Прогулки по Ростовской области - страница 19
Лишь однажды мое внимание обратилось к теме лекции. В тот день Вячеслав Юрьевич рассказывал нам про философию Достоевского. Мне Достоевский нравился. К тому времени я уже прочитал и «Идиота», и «Братьев Карамазовых», и «Преступление и наказание», и «Неточку Незванову» и другие произведения, и мне хотелось похвастаться этим перед Наташей.

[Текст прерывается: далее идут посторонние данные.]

(* Let $M=p_1^{n_1}\cdots p_K^{n_K}$ with distinct primes and $n_\nu\in\mathbb{N}$, and let $A\oplus B=\mathbb{Z}_M$. Fix distinct $i,j\in\{1,\dots,K\}$, let $z\in\mathbb{Z}_M$ and $\Lambda_{ij}=\Lambda(z,M/(p_ip_j))$. Suppose that $a_0*F_i\subset A$ for some $a_0\in\Sigma_A(\Lambda_{ij})$. Then $\Sigma_A(\Lambda_{ij})\subset\Pi(a_0,p_j^{n_j-1})$.
   Context: $A\oplus B=\mathbb{Z}_M$ means every element of $\mathbb{Z}_M$ is uniquely $a+b$ with $a\in A$, $b\in B$. For $d\mid M$, $\Lambda(x,d)=\{x'\in\mathbb{Z}_M: d\mid x-x'\}$, and $\Pi(x,p^\alpha)=\Lambda(x,p^\alpha)$. $F_i=\{0,M/p_i,\dots,(p_i-1)M/p_i\}$, $x*F_i=\{x+f:f\in F_i\}$. For $Z\subset\mathbb{Z}_M$, $\Sigma_A(Z)=\{a\in A:a+b\in Z\text{ for some }b\in B\}$. *)

theory Defs
  imports "HOL-Number_Theory.Number_Theory"
begin

text \<open>Z_M is modelled as {0..<M} :: nat set, with addition mod M.\<close>

definition ZM :: "nat \<Rightarrow> nat set" where
  "ZM M = {0..<M}"

definition tiling :: "nat \<Rightarrow> nat set \<Rightarrow> nat set \<Rightarrow> bool" where
  "tiling M A B \<longleftrightarrow> A \<subseteq> ZM M \<and> B \<subseteq> ZM M \<and>
     (\<forall>x\<in>ZM M. \<exists>!ab. ab \<in> A \<times> B \<and> (fst ab + snd ab) mod M = x)"

definition Lam :: "nat \<Rightarrow> nat \<Rightarrow> nat \<Rightarrow> nat set" where
  "Lam M x d = {x' \<in> ZM M. int d dvd int x - int x'}"

definition Pi_set :: "nat \<Rightarrow> nat \<Rightarrow> nat \<Rightarrow> nat set" where
  "Pi_set M x q = Lam M x q"

definition F :: "nat \<Rightarrow> nat \<Rightarrow> nat set" where
  "F M p = {k * (M div p) | k. k < p}"

definition star :: "nat \<Rightarrow> nat \<Rightarrow> nat set \<Rightarrow> nat set" where
  "star M x S = {(x + f) mod M | f. f \<in> S}"

definition SigmaA :: "nat \<Rightarrow> nat set \<Rightarrow> nat set \<Rightarrow> nat set \<Rightarrow> nat set" where
  "SigmaA M A B Z = {a \<in> A. \<exists>b\<in>B. (a + b) mod M \<in> Z}"

end

theory Submission
  imports Defs "HOL-Computational_Algebra.Polynomial"
begin

(* The proof rests on Tijdeman's dilation theorem: if A + B tiles Z_M and t is coprime to M,
   then so does tA + B. For a prime t not dividing M this is a count modulo t: in
   Z[X]/(X^M - 1) the product A(X) B(X) is the all-ones polynomial and A(X)^t = A(X^t) mod t,
   so every residue x is hit by some t a + b, and a cardinality argument gives uniqueness.

   Given a, a0 in Sigma_A(Lambda_ij) with partners b, b0, the difference (a + b) - (a0 + b0) is
   a multiple of M/(p_i p_j), hence equals k M/p_i + l M/p_j. The fiber a0 * F_i contains some
   a' = a0 + k M/p_i (mod M), so (a + b) - (a' + b0) = l M/p_j (mod M). If p_j^(n_j - 1) did not
   divide a - a', with m < n_j - 1 its p_j-adic valuation, a dilation t = 1 + s M/p_j^(m+1) would
   give t a + b = t a' + b0 (mod M), forcing a = a'. As a' = a0 modulo p_j^(n_j - 1), the claim
   follows. *)

section \<open>Frobenius congruence and polynomials modulo \<open>X^M - 1\<close>\<close>

lemma prime_dvd_power_add_sub:
  fixes x y :: "'a::comm_ring_1"
  assumes "prime p"
  shows "of_nat p dvd (x + y) ^ p - (x ^ p + y ^ p)"
proof -
  have p0: "p > 0" using assms prime_gt_0_nat by blast
  have "{..p} = insert p (insert 0 {1..<p})" using p0 by auto
  then have "(x + y) ^ p = x ^ p + y ^ p + (\<Sum>k\<in>{1..<p}. of_nat (p choose k) * x ^ k * y ^ (p - k))"
    using p0 by (simp add: binomial_ring add_ac)
  moreover have "of_nat p dvd (of_nat (p choose k) :: 'a)" if "k \<in> {1..<p}" for k
  proof -
    have "p dvd p choose k"
      using dvd_choose_prime[of k p] that assms by auto
    then obtain d where "p choose k = p * d" ..
    then show ?thesis by simp
  qed
  ultimately show ?thesis by (auto intro!: dvd_sum dvd_mult2)
qed

lemma prime_dvd_power_sum_sub:
  fixes f :: "'b \<Rightarrow> 'a::comm_ring_1"
  assumes "prime p"
  shows "of_nat p dvd (\<Sum>i\<in>I. f i) ^ p - (\<Sum>i\<in>I. f i ^ p)"
proof (induction I rule: infinite_finite_induct)
  case (insert i I)
  have "(\<Sum>i\<in>insert i I. f i) ^ p - (\<Sum>i\<in>insert i I. f i ^ p) =
      ((f i + (\<Sum>i\<in>I. f i)) ^ p - (f i ^ p + (\<Sum>i\<in>I. f i) ^ p))
      + ((\<Sum>i\<in>I. f i) ^ p - (\<Sum>i\<in>I. f i ^ p))"
    using insert.hyps by simp
  then show ?case
    by (metis dvd_add insert.IH prime_dvd_power_add_sub[OF assms])
qed (use assms prime_gt_0_nat in \<open>simp_all add: zero_power\<close>)

text \<open>\<open>cyclic_coeff M P x\<close> is the coefficient of \<open>X^x\<close> in \<open>P\<close> reduced modulo \<open>X^M - 1\<close>.\<close>

definition cyclic_coeff :: "nat \<Rightarrow> 'a::comm_monoid_add poly \<Rightarrow> nat \<Rightarrow> 'a" where
  "cyclic_coeff M P x = (\<Sum>k\<in>{k\<in>{..degree P}. k mod M = x}. coeff P k)"

lemma cyclic_coeff_altdef:
  assumes "degree P \<le> N"
  shows "cyclic_coeff M P x = (\<Sum>k\<in>{k\<in>{..N}. k mod M = x}. coeff P k)"
  unfolding cyclic_coeff_def
  by (rule sum.mono_neutral_left) (use assms le_degree in auto)

lemma cyclic_coeff_0 [simp]: "cyclic_coeff M 0 x = 0"
  by (simp add: cyclic_coeff_def)

lemma cyclic_coeff_add: "cyclic_coeff M (P + Q) x = cyclic_coeff M P x + cyclic_coeff M Q x"
proof -
  define N where "N = max (degree P) (degree Q)"
  have "degree (P + Q) \<le> N" "degree P \<le> N" "degree Q \<le> N"
    using degree_add_le_max[of P Q] by (auto simp: N_def)
  then show ?thesis
    by (simp add: cyclic_coeff_altdef[of _ N] sum.distrib)
qed

lemma cyclic_coeff_diff:
  fixes P Q :: "'a::ab_group_add poly"
  shows "cyclic_coeff M (P - Q) x = cyclic_coeff M P x - cyclic_coeff M Q x"
  using cyclic_coeff_add[of M "P - Q" Q x] by (simp add: algebra_simps)

lemma cyclic_coeff_smult: "cyclic_coeff M (smult c P) x = c * cyclic_coeff M P x"
  using degree_smult_le[of c P]
  by (simp add: cyclic_coeff_altdef[of _ "degree P"] sum_distrib_left)

lemma cyclic_coeff_sum: "cyclic_coeff M (\<Sum>i\<in>I. f i) x = (\<Sum>i\<in>I. cyclic_coeff M (f i) x)"
  by (induction I rule: infinite_finite_induct) (simp_all add: cyclic_coeff_add)

lemma cyclic_coeff_monom: "cyclic_coeff M (monom c k) x = (if k mod M = x then c else 0)"
  using degree_monom_le[of c k]
  by (simp add: cyclic_coeff_altdef[of _ k] coeff_monom)

lemma cyclic_coeff_sum_monom:
  assumes "finite I"
  shows "cyclic_coeff M (\<Sum>i\<in>I. monom 1 (g i)) x = of_nat (card {i\<in>I. g i mod M = x})"
  using assms by (simp add: cyclic_coeff_sum cyclic_coeff_monom sum.If_cases Int_def)

lemma cyclic_coeff_pCons_0: "cyclic_coeff M (pCons 0 P) (Suc x mod M) = cyclic_coeff M P (x mod M)"
proof -
  have Suc_cong: "Suc k mod M = Suc x mod M \<longleftrightarrow> k mod M = x mod M" for k
    by (metis Suc_eq_plus1 cong_add_rcancel_nat cong_def)
  have "cyclic_coeff M (pCons 0 P) (Suc x mod M)
      = (\<Sum>k\<in>{k\<in>{..Suc (degree P)}. k mod M = Suc x mod M}. coeff (pCons 0 P) k)"
    by (rule cyclic_coeff_altdef) (rule degree_pCons_le)
  also have "\<dots> = (\<Sum>k\<le>Suc (degree P). if k mod M = Suc x mod M then coeff (pCons 0 P) k else 0)"
    by (rule sum.inter_filter) simp
  also have "\<dots> = (\<Sum>k\<le>degree P. if Suc k mod M = Suc x mod M then coeff P k else 0)"
    by (simp only: sum.atMost_Suc_shift coeff_pCons_0 coeff_pCons_Suc if_cancel add_0_left)
  also have "\<dots> = cyclic_coeff M P (x mod M)"
    unfolding Suc_cong cyclic_coeff_def by (rule sum.inter_filter[symmetric]) simp
  finally show ?thesis .
qed
text \<open>Taking the Schur complement strictly lowers the rank: row j of M is not in the row span
  of the complement, whose j-th column vanishes.\<close>
lemma rank_schur_compl:
  fixes M :: "complex^'m^'m"
  assumes "M$j$j \<noteq> 0" shows "rank (schur_compl M j) < rank M"
proof -
  have sub: "rows (schur_compl M j) \<subseteq> vec.span (rows M)"
  proof
    fix v assume "v \<in> rows (schur_compl M j)"
    then obtain i where v: "v = row i (schur_compl M j)" by (auto simp: rows_def)
    have "v = row i M - (M$i$j / M$j$j) *s row j M"
      by (simp add: v row_def schur_compl_def vec_eq_iff)
    moreover have "row i M \<in> rows M" "row j M \<in> rows M" by (auto simp: rows_def)
    ultimately show "v \<in> vec.span (rows M)"
      by (simp add: vec.span_diff vec.span_scale vec.span_base)
  qed
  have col_zero: "v$j = 0" if "v \<in> vec.span (rows (schur_compl M j))" for v
    by (rule span_coordinate_zero[OF _ that]) (use assms in \<open>auto simp: rows_def row_def schur_compl_def\<close>)
  have "row j M \<notin> vec.span (rows (schur_compl M j))"
    using col_zero[of "row j M"] assms by (auto simp: row_def)
  moreover have "row j M \<in> vec.span (rows M)" by (rule vec.span_base) (auto simp: rows_def)
  moreover have "vec.span (rows (schur_compl M j)) \<subseteq> vec.span (rows M)"
    using sub vec.span_mono vec.span_span by metis
  ultimately have "vec.span (rows (schur_compl M j)) \<subset> vec.span (rows M)" by blast
  then show ?thesis unfolding row_rank_def_gen by (rule vec.dim_psubset)
qed

lemma schur_compl_outer:
  assumes "psd M" "M$j$j \<noteq> 0"
  shows "M = schur_compl M j + outer ((\<chi> i. M$i$j / complex_of_real (sqrt (Re (M$j$j)))))"
proof -
  define d where "d = M$j$j"
  have dr: "d = complex_of_real (Re d)" using psd_diag[OF assms(1), of j] d_def
    by (simp add: complex_eq_iff complex_is_Real_iff)
  have dp: "Re d > 0" using psd_diag[OF assms(1), of j] assms(2) d_def dr
    by (metis less_eq_real_def of_real_0)
  define q where "q = complex_of_real (sqrt (Re d))"
  have "sqrt (Re d) * sqrt (Re d) = Re d" using dp by simp
  then have qq: "q * q = d" unfolding q_def by (metis dr of_real_mult)
  have e: "M$i$j * M$j$k / d = M$i$j / q * cnj (M$k$j / q)" for i k
  proof -
    have "cnj (M$k$j / q) = M$j$k / q" using psd_hermitian[OF assms(1), of j k] by (simp add: q_def)
    then show ?thesis by (simp add: qq[symmetric])
  qed
  show ?thesis
    unfolding schur_compl_def outer_def d_def[symmetric] q_def[symmetric]
    by (simp add: vec_eq_iff e)
qed

lemma rank_zero_mat: assumes "rank (M::'a::field^'m^'m) = 0" shows "M = 0"
proof -
  have r: "rows M \<subseteq> {0}" using assms unfolding row_rank_def_gen vec.dim_eq_0 .
  have "row i M = 0" for i using r by (auto simp: rows_def)
  then show ?thesis by (simp add: vec_eq_iff row_def)
qed

text \<open>Induction on the index set T: peel off one rank-one term by a Schur complement.\<close>
lemma psd_sum_of_outer:
  fixes T :: "'b set"
  assumes "finite T"
  shows "psd (M::complex^'m^'m) \<Longrightarrow> rank M \<le> card T \<Longrightarrow> \<exists>w. M = (\<Sum>t\<in>T. outer (w t))"
  using assms
proof (induction T arbitrary: M rule: finite_induct)
  case empty
  then show ?case using rank_zero_mat by auto
next
  case (insert x T M)
  show ?case
  proof (cases "\<forall>i. M$i$i = 0")
    case True
    then have "M = 0" using psd_diag_zero[OF insert(4)] by blast
    then show ?thesis by (intro exI[of _ "\<lambda>_. 0"]) (simp add: outer_def vec_eq_iff)
  next
    case False
    then obtain j where j: "M$j$j \<noteq> 0" by blast
    have "rank (schur_compl M j) \<le> card T"
      using rank_schur_compl[OF j] insert(1,2,5) by simp
    then obtain w where w: "schur_compl M j = (\<Sum>t\<in>T. outer (w t))"
      using insert.IH[OF psd_schur_compl[OF insert(4) j]] by blast
    define u where "u = (\<chi> i. M$i$j / complex_of_real (sqrt (Re (M$j$j))))"
    have "(\<Sum>t\<in>T. outer ((w(x := u)) t)) = (\<Sum>t\<in>T. outer (w t))"
      by (intro sum.cong refl) (use insert(2) in auto)
    then have rest: "(\<Sum>t\<in>T. outer ((w(x := u)) t)) = schur_compl M j" by (simp only: w)
    have "M = outer u + schur_compl M j"
      using schur_compl_outer[OF insert(4) j] unfolding u_def by (simp only: add.commute)
    also have "\<dots> = (\<Sum>t\<in>insert x T. outer ((w(x := u)) t))"
      by (subst sum.insert[OF insert(1,2)]) (simp only: fun_upd_same rest)
    finally show ?thesis by blast
  qed
qed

Но она почему-то отнеслась к этому ровно, а потом и вовсе призналась мне, что Достоевского она не читала и читать не собирается, так как ей «и без того его в жизни с головой хватает». Так что пока я слушал Вячеслава Юрьевича, Наташа заскучала и принялась рисовать ручкой на полях моей тетрадки какие-то рисунки.
– А кто из вас мне назовет произведение, которое было написано Федором Михайловичем по его впечатлениям от пребывания на каторге в Сибири и которое наложило серьезный отпечаток на все дальнейшее творчество писателя?
Весь курс, к моему удивлению, молчал.
– «Записки из Мертвого дома», – выкрикнул я, недолго думая и радуясь, что я хоть чем-то могу козырнуть.
Вячеслав Юрьевич отреагировал не сразу и даже успел пару раз мигнуть, словно не ожидая услышать этот ответ именно от меня.
– Верно, благодарю вас, э-э-э, Владимир, да. Приятно, что вы знаете. Так вот. За время своего пребывания в Омском остроге…
Дальше я уже не слушал, потому как Наташа подсунула мне под нос свой рисунок. На мой ответ про Достоевского она, к моему огорчению, не обратила ни малейшего внимания.
– Это кто такие? – спросил я шепотом, глядя на ее рисунок с какими-то веселыми змейками или червячками с магнитофонами в руках.
– А это гусеницы, – улыбнулась Наташа. – Это я тебе нарисовала!
Всякий раз, когда Наташа со своей милой картавинкой произносила слово с буквой «р», по мне пробегали мурашки от удовольствия.
– Это мне? – прошептал я, не зная, как правильно на это реагировать. – Спасибо тебе! Но почему они такие странненькие?
– Ну не знаю, – ответила Наташа. – Просто они… философские.
«Вот и как мне понять этих женщин? – думал я про себя, крутя педали в сторону дома. – Вот если бы она нарисовала мне сердечко или какашку, я бы сразу все понял. Но что я, черт возьми, должен думать про философских гусениц с магнитофонами?»
Три пострадавших уха
Не могу сказать, что я был по уши влюблен в Наташу. Порой, когда я выходил из лекций по философии, мне так и казалось, но едва это чувство начинало захватывать меня, как я тут же в панике гнал его прочь. Общекурсовые занятия у нас проходили редко, поэтому встречались мы с ней не чаще раза в полторы-две недели. В остальное же время никак не пересекались, так что даже дружбой это было назвать сложно, а предложить встретиться помимо пар я даже и не помышлял.
С помощью соцсетей я прознал, что у Наташи давно есть парень, что он гораздо старше меня. Кроме того, я чувствовал, что такую девушку я пока «не тяну» и влюбляться в нее совсем будет рискованно. Слишком красивая, слишком умная, слишком женственная, слишком… идеальная! Старше меня на два с половиной года, уже закончила педагогический колледж и параллельно еще в каком-то другом вузе учится. Вся такая взрослая, занятая… Казалось, что стоит только дать себе даже небольшую слабину и начать мечтать, как развившейся любовью меня раздавит так, что не останется ничего, и что чувство это окажется гораздо сильнее и мощнее меня.
Словом, влюбляться в Наташу я себе строго запретил и старался думать о ней пореже. Внимание мое переключилось на других девушек, которые мелькали передо мной гораздо чаще и тоже были красивыми, милыми, умными, но более понятными. Больше общаясь с ними, а с некоторыми даже и встречаясь и набивая первые шишки, я чувствовал, что моя зажатость уходит. Продолжал я и свои велозаезды. И чем больше в свободное время я катался, тем сильнее ощущал, что сам черт мне не брат.